2015-04-04
An important note if you want to totally stop an IKE IPSec connection
Suppose, hypothetically, that you think your IPSec GRE tunnel may be contributing to some weird connection
problem you're having. In order to get it out
of the picture, you want to shut it down (which will still leave
you able to reach things). There
are three ways you can do this: you can use 'ipsec whack --terminate
'
to ask your local pluto
to shut down this specific IKE connection
(which you've engineered to stop the GRE tunnel), you can shut your
local pluto
down entirely with 'systemctl stop pluto
' (or
equivalent), or you can stop pluto
on both ends.
I will skip to the punchline: if you have no *protoport
set (so
that you're doing IPSec on all traffic just because you might as
well), you need to shut pluto
down on both ends. Merely shutting
down the IKE IPSec stuff for your GRE tunnel (and taking down the
tunnel itself) will leave the overall IPSec security policy intact
and this policy specifically instructs the kernel to drop any
non-IPSec packets between your left
and right
IPs. Only shutting
down pluto
itself will get rid of the security policy, and you
need to get rid of it on both ends so you need to shut down pluto
on both.
(If pluto
is handling more than one connection for you on one of
the ends, you're going to need to do something more complicated.
My situation is usefully simple here.)
If you shut down pluto
on only one end and then keep trying to
test things, you can get into very puzzling and head-scratching
problems. For instance, if you try to make a connection from the
shut-down side to the side with pluto
still running, tcpdump
on both ends will tell you that SYN packets are being send and
arriving at their destination but are getting totally ignored despite
there being no firewall rules and so on that would do this.

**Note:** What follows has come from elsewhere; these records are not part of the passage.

(* Let $d\ge2$ and let $\mathcal{H}\subset\mathbf{P}^{2^d-1}$ be the image of the Segre embedding of the product $\mathbf{P}^1\times\cdots\times\mathbf{P}^1$ of $d$ copies of the projective line over $\mathbf{F}_q$. Let $s$ be an integer with $0\le s<q$. Then the evaluation code $C_{\mathcal{H}}(s)$ has parameters $[(q+1)^d,(s+1)^d,(q-s+1)^d]$, and it is (up to permutation of coordinates) the $d$-fold tensor product $C_{\mathbf{P}^1}(s)\otimes\cdots\otimes C_{\mathbf{P}^1}(s)$ of the extended Reed--Solomon code $C_{\mathbf{P}^1}(s)$.
   Context: The Segre embedding sends $((u_1:v_1),\dots,(u_d:v_d))$ to the point of $\mathbf{P}^{2^d-1}$ whose coordinates, indexed by subsets $S\subseteq\{1,\dots,d\}$, are $\prod_{j\in S}u_j\prod_{j\notin S}v_j$. For a smooth projective variety $X\subset\mathbf{P}^r$ over $\mathbf{F}_q$ and $s\ge0$, $C_X(s)\subseteq\mathbf{F}_q^n$ is the image of the map sending a homogeneous polynomial $f\in\mathbf{F}_q[x_0,\dots,x_r]$ of degree $s$ to $(f(P_1),\dots,f(P_n))$, where $P_1,\dots,P_n$ are the $\mathbf{F}_q$-rational points of $X$ and $f(P)$ is evaluated at the representative of $P$ whose first nonzero coordinate from the left is $1$. $C_{\mathbf{P}^1}(s)$ (evaluation of binary forms of degree $s$ at $\mathbf{P}^1(\mathbf{F}_q)$) is the extended Reed--Solomon code with parameters $[q+1,s+1,q-s+1]$. Parameters $[n,k,d]$ denote length, dimension, minimum Hamming distance. *)

theory Defs
  imports Complex_Main "HOL-Library.FuncSet" "HOL-Library.Function_Algebras"
begin

definition wscale :: "'a::field \<Rightarrow> ('i \<Rightarrow> 'a) \<Rightarrow> ('i \<Rightarrow> 'a)" where
  "wscale c w = (\<lambda>i. c * w i)"

text \<open>F_q-rational points of P^r, coordinates x_0,...,x_r (x i = 0 for i > r),
  each point given by its representative whose first nonzero coordinate from the left is 1.\<close>
definition proj_points :: "nat \<Rightarrow> (nat \<Rightarrow> 'a::field) set" where
  "proj_points r = {x. (\<forall>i>r. x i = 0) \<and>
      (\<exists>i\<le>r. x i = 1 \<and> (\<forall>j<i. x j = 0))}"

definition monomials :: "nat \<Rightarrow> nat \<Rightarrow> (nat \<Rightarrow> nat) set" where
  "monomials r s = {e. (\<forall>i>r. e i = 0) \<and> (\<Sum>i\<le>r. e i) = s}"

text \<open>A homogeneous polynomial of degree s in x_0..x_r is given by its coefficient
  function on monomials; this is its value at a point x.\<close>
definition hom_eval :: "nat \<Rightarrow> nat \<Rightarrow> ((nat \<Rightarrow> nat) \<Rightarrow> 'a::field) \<Rightarrow> (nat \<Rightarrow> 'a) \<Rightarrow> 'a" where
  "hom_eval r s c x = (\<Sum>e\<in>monomials r s. c e * (\<Prod>i\<le>r. x i ^ e i))"

text \<open>Evaluation code C_X(s) of a set X of rational points of P^r; codewords are
  words indexed by the points of X (and 0 outside X).\<close>
definition eval_code :: "nat \<Rightarrow> (nat \<Rightarrow> 'a::field) set \<Rightarrow> nat \<Rightarrow> ((nat \<Rightarrow> 'a) \<Rightarrow> 'a) set" where
  "eval_code r X s = {(\<lambda>P. if P \<in> X then hom_eval r s c P else 0) | c. True}"

definition code_dim :: "('i \<Rightarrow> 'a::field) set \<Rightarrow> nat" where
  "code_dim C = vector_space.dim wscale C"

definition weight :: "('i \<Rightarrow> 'a::zero) \<Rightarrow> nat" where
  "weight w = card {i. w i \<noteq> 0}"

definition min_dist :: "('i \<Rightarrow> 'a::zero) set \<Rightarrow> nat" where
  "min_dist C = Min {weight w | w. w \<in> C \<and> w \<noteq> 0}"

text \<open>Segre embedding of d copies of P^1 (factors indexed 0..d-1, factor j corresponding
  to factor j+1 of the paper, with (u_j : v_j) = (p j 0 : p j 1)).
  The coordinate with index k < 2^d corresponds to the subset
  S(k) = {j<d. binary digit of k at position d-1-j is 0}, so x_0 is the product of all u_j.\<close>
definition segre_subset :: "nat \<Rightarrow> nat \<Rightarrow> nat set" where
  "segre_subset d k = {j. j < d \<and> (k div 2 ^ (d - 1 - j)) mod 2 = 0}"

definition segre :: "nat \<Rightarrow> (nat \<Rightarrow> nat \<Rightarrow> 'a::field) \<Rightarrow> (nat \<Rightarrow> 'a)" where
  "segre d p = (\<lambda>k. if k < 2 ^ d
      then (\<Prod>j<d. if j \<in> segre_subset d k then p j 0 else p j 1) else 0)"

definition P1_power :: "nat \<Rightarrow> (nat \<Rightarrow> nat \<Rightarrow> 'a::field) set" where
  "P1_power d = PiE {..<d} (\<lambda>_. proj_points 1)"

definition segre_points :: "nat \<Rightarrow> (nat \<Rightarrow> 'a::field) set" where
  "segre_points d = {x \<in> proj_points (2 ^ d - 1).
      \<exists>p\<in>P1_power d. \<exists>a. a \<noteq> 0 \<and> x = (\<lambda>k. a * segre d p k)}"

definition tensor_power :: "nat \<Rightarrow> 'i set \<Rightarrow> ('i \<Rightarrow> 'a::field) set \<Rightarrow> ((nat \<Rightarrow> 'i) \<Rightarrow> 'a) set" where
  "tensor_power d I C = module.span wscale
     {(\<lambda>t. if t \<in> PiE {..<d} (\<lambda>_. I) then (\<Prod>j<d. c j (t j)) else 0) | c. \<forall>j<d. c j \<in> C}"

end

theory Submission
  imports Defs "HOL-Computational_Algebra.Polynomial"
begin

text \<open>
  The Segre map identifies the rational points of (P^1)^d with those of the Segre variety,
  and pulls back forms of degree s in the Segre coordinates to multihomogeneous forms of
  multidegree (s,...,s); every such multiform arises.  So, up to this permutation of
  coordinates, the Segre code is the code of multiforms evaluated on (P^1)^d, which is also
  the d-fold tensor power of the code C_P1(s) of binary forms.  Its parameters are computed
  directly: the monomials evaluate to a basis (a multiform vanishing on all rational points
  is zero when s <= q, by induction on d using the root bound for binary forms), and the
  minimum weight (q + 1 - s)^d follows by counting slices along the last factor and is
  attained by a product of d extremal binary forms.
\<close>

interpretation words: vector_space "wscale :: 'a::field \<Rightarrow> ('i \<Rightarrow> 'a) \<Rightarrow> ('i \<Rightarrow> 'a)"
  by unfold_locales (auto simp: wscale_def fun_eq_iff algebra_simps)

lemma sum_fun_apply: "(\<Sum>m\<in>M. f m) x = (\<Sum>m\<in>M. f m x)"
  by (induction M rule: infinite_finite_induct) auto

lemma (in vector_space) independent_family:
  assumes fin: "finite M"
    and zero: "\<And>c. (\<Sum>m\<in>M. c m *s e m) = 0 \<Longrightarrow> \<forall>m\<in>M. c m = 0"
  shows "inj_on e M" and "independent (e ` M)"
proof -
  show inj: "inj_on e M"
  proof (rule inj_onI, rule ccontr)
    fix m1 m2 assume m: "m1 \<in> M" "m2 \<in> M" "e m1 = e m2" "m1 \<noteq> m2"
    let ?c = "\<lambda>m. (if m = m1 then 1 else 0) - (if m = m2 then 1 else (0::'a))"
    have sum0: "(\<Sum>m\<in>M. ?c m *s e m) = 0"
      using m fin by (simp add: scale_left_diff_distrib sum_subtractf if_distrib[of "\<lambda>x. x *s _"] cong: if_cong)
    have "\<forall>m\<in>M. ?c m = 0" by (fact zero[OF sum0])
    then show False using m(1,4) by (auto dest: bspec[of _ _ m1])
  qed
  show "independent (e ` M)"
  proof (rule independent_if_scalars_zero)
    fix f x assume sum: "(\<Sum>x\<in>e ` M. f x *s x) = 0" and x: "x \<in> e ` M"
    have "(\<Sum>m\<in>M. (f \<circ> e) m *s e m) = 0" using sum by (simp add: sum.reindex[OF inj])
    then show "f x = 0" using zero[of "f \<circ> e"] x by auto
  qed (use fin in simp)
qed

lemma dim_linear_image_span:
  fixes f :: "('i \<Rightarrow> 'a::field) \<Rightarrow> ('j \<Rightarrow> 'a)"
  assumes lin: "Vector_Spaces.linear wscale wscale f"
    and B: "words.independent B" "inj_on f (words.span B)"
  shows "words.dim (f ` words.span B) = card B"
proof -
  interpret f: Vector_Spaces.linear wscale wscale f by (fact lin)
  have "inj_on f B" using B(2) words.span_superset by (rule inj_on_subset)
  have "f ` words.span B = words.span (f ` B)" by (rule f.span_image[symmetric])
  then show ?thesis
    using words.dim_span_eq_card_independent[OF f.independent_injective_image[OF B]]
      card_image[OF \<open>inj_on f B\<close>] by simp
qed

definition words_on :: "'i set \<Rightarrow> ('i \<Rightarrow> 'a::zero) set" where
  "words_on X = {w. \<forall>i. i \<notin> X \<longrightarrow> w i = 0}"

definition reindex_word :: "('j \<Rightarrow> 'i) \<Rightarrow> 'j set \<Rightarrow> ('i \<Rightarrow> 'a::zero) \<Rightarrow> ('j \<Rightarrow> 'a)" where
  "reindex_word \<sigma> Y w = (\<lambda>y. if y \<in> Y then w (\<sigma> y) else 0)"

lemma subspace_words_on: "words.subspace (words_on X :: ('i \<Rightarrow> 'a::field) set)"
  by (rule words.subspaceI) (auto simp: words_on_def wscale_def)

lemma weight_le_card: "finite X \<Longrightarrow> w \<in> words_on X \<Longrightarrow> weight w \<le> card X"
  unfolding weight_def words_on_def by (intro card_mono) auto

lemma min_dist_eqI:
  assumes X: "finite X" "C \<subseteq> words_on X"
    and lower: "\<And>w. w \<in> C \<Longrightarrow> w \<noteq> 0 \<Longrightarrow> n \<le> weight w"
    and w0: "w0 \<in> C" "w0 \<noteq> 0" "weight w0 \<le> n"
  shows "min_dist C = n"
  unfolding min_dist_def
proof (rule Min_eqI)
  have "{weight w |w. w \<in> C \<and> w \<noteq> 0} \<subseteq> {..card X}"
    using weight_le_card[OF X(1)] X(2) by auto
  then show "finite {weight w |w. w \<in> C \<and> w \<noteq> 0}" by (rule finite_subset) simp
  show "n \<in> {weight w |w. w \<in> C \<and> w \<noteq> 0}"
    using w0 lower[OF w0(1,2)] by (intro CollectI exI[of _ w0]) simp
qed (use lower in auto)

lemma linear_reindex_word: "Vector_Spaces.linear wscale wscale (reindex_word \<sigma> Y :: ('i \<Rightarrow> 'a::field) \<Rightarrow> _)"
  unfolding Vector_Spaces.linear_iff
  by (auto simp: words.vector_space_axioms reindex_word_def wscale_def fun_eq_iff)

lemma inj_on_reindex_word:
  assumes "X \<subseteq> \<sigma> ` Y"
  shows "inj_on (reindex_word \<sigma> Y) (words_on X)"
proof (rule inj_onI, rule ext)
  fix v w i assume v: "v \<in> words_on X" and w: "w \<in> words_on X"
    and eq: "reindex_word \<sigma> Y v = reindex_word \<sigma> Y w"
  show "v i = w i"
  proof (cases "i \<in> X")
    case True
    then obtain y where "y \<in> Y" "i = \<sigma> y" using assms by blast
    then show ?thesis using fun_cong[OF eq, of y] by (simp add: reindex_word_def)
  qed (use v w in \<open>simp add: words_on_def\<close>)
qed

lemma weight_reindex_word:
  assumes \<sigma>: "bij_betw \<sigma> Y X" and w: "w \<in> words_on X"
  shows "weight (reindex_word \<sigma> Y w) = weight w"
proof -
  have "{y. reindex_word \<sigma> Y w y \<noteq> 0} = {y \<in> Y. w (\<sigma> y) \<noteq> 0}"
    by (auto simp: reindex_word_def)
  moreover have "bij_betw \<sigma> {y \<in> Y. w (\<sigma> y) \<noteq> 0} {i. w i \<noteq> 0}"
    using \<sigma> w unfolding bij_betw_def words_on_def by (auto intro: inj_on_subset)
  ultimately show ?thesis unfolding weight_def by (simp add: bij_betw_same_card)
qed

(If you have a selective *protoport
set, any traffic that would
normally be protected by IPSec will be affected by this because the
security policy says 'drop any of this traffic that is not protected
with IPSec'.)
PS: your current IPSec security policies can be examined with
'setkey -DP
'. There's probably some way to get a counter of how
many packets have been dropped for violating IPSec security policies,
but I don't know what it is (maybe it's hiding somewhere in 'ip
xfrm
', which has low-level details of this stuff, although
/proc/net/xfrm_stat
doesn't seem to be it).
A weird new IKE IPSec problem that I just had on Fedora 21's latest kernel
Back when I first wrote up my IKE configuration for my point to point GRE tunnel, I restricted the IKE IPSec configuration so that it would only apply IPSec to the GRE traffic with:
conn cksgre [...] leftprotoport=gre rightprotoport=gre [...]
I only did this restriction out of caution and matching my old
manual configuration. A while later I decided that it was a little
silly; although I basically didn't do any unencrypted traffic to
the special GRE touchdown IP address I use at the work end, I might
as well fully protect the traffic since it was basically free. So
I took the *protoport
restrictions out, slightly increasing my
security, and things worked fine for quite some time.
Today this change quietly blew up in my face. The symptoms were that often (although not always) a TCP connection specifically between my home machine and the GRE touchdown IP would stall after it transferred some number of bytes (it's possible that the transfer direction mattered but I haven't tested extensively). Once I narrowed down what was going on from the initial problems I saw, reproduction was pretty consistent: if I did 'ssh -v touchdown-IP' from home I could see it stall during key exchange.
I don't know what's going on here, but it seems specific to running the latest Fedora 21 kernel on both ends; I updated my work machine to kernel 3.19.3-200.fc21 a couple of days ago and did not have this problem, but I updated my home machine to 3.19.3-200.fc21 a few hours ago and started seeing this almost immediately (although it took some time and frustration to diagnose just what the problem was).
(I thought I had some evidence from tcpdump output but in retrospect I'm not sure it meant what I think it meant.)
(I had problems years ago with MTU collapse in the face of recursive GRE tunnel routing, but that was apparently fixed back in 2012 and anyways this is kind of the inverse of that problem, since this is TCP connections flowing outside my GRE tunnel. Still, it feels like a related issue. I did not try various ways of looking at connection MTUs and so on; by the time I realized this was related to IPSec instead of other potential problems it was late enough that I just wanted the whole thing fixed.)